About this exercise:
Write out the stretch of lines below that begins at the line with "U S * opnorm" and ends at the line with "using rp_dist_eq[OF U S x False", including both, exactly as given and nothing more.

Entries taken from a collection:
---
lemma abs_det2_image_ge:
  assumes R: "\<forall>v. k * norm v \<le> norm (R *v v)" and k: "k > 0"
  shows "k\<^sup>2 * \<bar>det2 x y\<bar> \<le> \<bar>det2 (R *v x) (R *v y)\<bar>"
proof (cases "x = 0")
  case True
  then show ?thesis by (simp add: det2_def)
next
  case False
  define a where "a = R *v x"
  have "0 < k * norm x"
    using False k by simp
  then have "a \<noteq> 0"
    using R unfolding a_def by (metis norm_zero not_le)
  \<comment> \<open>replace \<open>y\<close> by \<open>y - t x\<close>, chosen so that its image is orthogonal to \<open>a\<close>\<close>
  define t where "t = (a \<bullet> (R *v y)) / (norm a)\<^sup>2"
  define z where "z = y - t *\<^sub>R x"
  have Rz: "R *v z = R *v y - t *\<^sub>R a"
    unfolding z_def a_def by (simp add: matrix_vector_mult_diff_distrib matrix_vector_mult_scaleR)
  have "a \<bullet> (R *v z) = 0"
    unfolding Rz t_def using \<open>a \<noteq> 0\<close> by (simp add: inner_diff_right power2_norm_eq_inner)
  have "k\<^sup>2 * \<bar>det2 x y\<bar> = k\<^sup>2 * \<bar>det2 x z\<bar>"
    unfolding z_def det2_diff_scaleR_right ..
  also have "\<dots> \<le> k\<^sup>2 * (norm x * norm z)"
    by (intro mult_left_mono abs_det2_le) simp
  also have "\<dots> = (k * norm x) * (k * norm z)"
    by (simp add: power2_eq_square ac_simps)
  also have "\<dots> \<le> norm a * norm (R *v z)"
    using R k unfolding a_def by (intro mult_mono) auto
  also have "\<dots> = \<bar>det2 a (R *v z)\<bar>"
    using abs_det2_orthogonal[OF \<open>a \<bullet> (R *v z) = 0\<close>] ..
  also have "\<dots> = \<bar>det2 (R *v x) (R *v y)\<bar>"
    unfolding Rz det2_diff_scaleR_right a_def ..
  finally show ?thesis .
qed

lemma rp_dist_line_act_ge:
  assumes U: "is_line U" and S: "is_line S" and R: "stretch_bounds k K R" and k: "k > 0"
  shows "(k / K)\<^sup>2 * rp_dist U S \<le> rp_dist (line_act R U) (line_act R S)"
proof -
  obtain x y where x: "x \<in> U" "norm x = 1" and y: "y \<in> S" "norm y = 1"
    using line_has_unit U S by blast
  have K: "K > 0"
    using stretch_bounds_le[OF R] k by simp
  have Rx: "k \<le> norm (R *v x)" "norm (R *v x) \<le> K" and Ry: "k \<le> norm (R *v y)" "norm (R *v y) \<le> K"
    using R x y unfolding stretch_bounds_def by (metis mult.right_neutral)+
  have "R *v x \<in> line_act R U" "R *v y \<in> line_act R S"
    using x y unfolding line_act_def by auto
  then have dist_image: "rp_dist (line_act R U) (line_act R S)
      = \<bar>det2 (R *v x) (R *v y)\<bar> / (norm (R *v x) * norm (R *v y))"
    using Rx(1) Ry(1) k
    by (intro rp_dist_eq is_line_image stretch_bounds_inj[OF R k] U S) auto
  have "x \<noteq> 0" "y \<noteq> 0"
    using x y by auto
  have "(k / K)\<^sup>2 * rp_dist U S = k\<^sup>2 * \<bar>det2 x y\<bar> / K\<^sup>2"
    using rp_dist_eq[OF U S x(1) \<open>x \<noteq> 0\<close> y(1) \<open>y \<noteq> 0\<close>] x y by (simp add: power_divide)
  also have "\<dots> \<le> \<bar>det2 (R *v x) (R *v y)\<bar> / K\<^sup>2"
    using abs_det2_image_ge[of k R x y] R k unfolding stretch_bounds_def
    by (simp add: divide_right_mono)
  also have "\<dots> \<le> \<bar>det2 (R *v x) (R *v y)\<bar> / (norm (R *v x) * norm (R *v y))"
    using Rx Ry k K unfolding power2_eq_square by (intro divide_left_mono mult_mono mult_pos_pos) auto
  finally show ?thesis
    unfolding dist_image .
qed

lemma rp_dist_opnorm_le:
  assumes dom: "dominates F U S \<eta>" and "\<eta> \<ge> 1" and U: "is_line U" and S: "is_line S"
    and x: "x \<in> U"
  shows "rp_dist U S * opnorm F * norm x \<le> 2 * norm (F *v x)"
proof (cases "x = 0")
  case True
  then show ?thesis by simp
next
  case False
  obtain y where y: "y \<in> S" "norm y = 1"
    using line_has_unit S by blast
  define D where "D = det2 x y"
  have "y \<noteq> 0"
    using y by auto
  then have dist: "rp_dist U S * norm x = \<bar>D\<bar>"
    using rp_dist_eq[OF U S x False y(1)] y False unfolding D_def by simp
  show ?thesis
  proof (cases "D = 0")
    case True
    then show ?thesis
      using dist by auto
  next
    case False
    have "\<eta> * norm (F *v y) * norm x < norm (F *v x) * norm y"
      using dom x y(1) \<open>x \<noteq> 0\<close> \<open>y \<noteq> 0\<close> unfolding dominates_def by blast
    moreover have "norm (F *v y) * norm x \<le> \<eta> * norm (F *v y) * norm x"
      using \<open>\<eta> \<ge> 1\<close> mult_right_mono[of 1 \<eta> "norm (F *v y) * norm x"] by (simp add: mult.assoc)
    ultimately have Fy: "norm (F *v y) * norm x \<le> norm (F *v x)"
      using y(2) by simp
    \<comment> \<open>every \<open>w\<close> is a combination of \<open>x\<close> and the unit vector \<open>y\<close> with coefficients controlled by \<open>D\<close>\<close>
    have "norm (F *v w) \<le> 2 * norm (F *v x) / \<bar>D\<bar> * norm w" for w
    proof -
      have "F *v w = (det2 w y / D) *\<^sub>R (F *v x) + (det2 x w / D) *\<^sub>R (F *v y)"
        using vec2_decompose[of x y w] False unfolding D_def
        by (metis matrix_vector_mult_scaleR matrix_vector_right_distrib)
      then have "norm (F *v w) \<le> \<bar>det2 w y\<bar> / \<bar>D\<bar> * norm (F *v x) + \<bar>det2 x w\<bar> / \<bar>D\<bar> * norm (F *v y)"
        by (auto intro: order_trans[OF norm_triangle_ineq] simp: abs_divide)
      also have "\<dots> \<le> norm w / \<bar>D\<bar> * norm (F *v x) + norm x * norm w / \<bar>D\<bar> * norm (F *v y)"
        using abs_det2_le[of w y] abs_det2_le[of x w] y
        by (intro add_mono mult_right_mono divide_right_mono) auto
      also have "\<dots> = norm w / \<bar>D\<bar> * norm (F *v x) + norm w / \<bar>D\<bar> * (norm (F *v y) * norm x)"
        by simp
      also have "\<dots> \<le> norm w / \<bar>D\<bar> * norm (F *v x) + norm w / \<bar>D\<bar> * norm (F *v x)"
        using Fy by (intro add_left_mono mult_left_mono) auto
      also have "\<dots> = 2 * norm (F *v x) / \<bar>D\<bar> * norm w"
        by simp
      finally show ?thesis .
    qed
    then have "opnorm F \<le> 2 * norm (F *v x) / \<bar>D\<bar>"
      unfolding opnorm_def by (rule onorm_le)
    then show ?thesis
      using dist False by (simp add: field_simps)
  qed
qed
---
Reply:
  shows "rp_dist U S * opnorm F * norm x \<le> 2 * norm (F *v x)"
proof (cases "x = 0")
  case True
  then show ?thesis by simp
next
  case False
  obtain y where y: "y \<in> S" "norm y = 1"
    using line_has_unit S by blast
  define D where "D = det2 x y"
  have "y \<noteq> 0"
    using y by auto
  then have dist: "rp_dist U S * norm x = \<bar>D\<bar>"
    using rp_dist_eq[OF U S x False y(1)] y False unfolding D_def by simp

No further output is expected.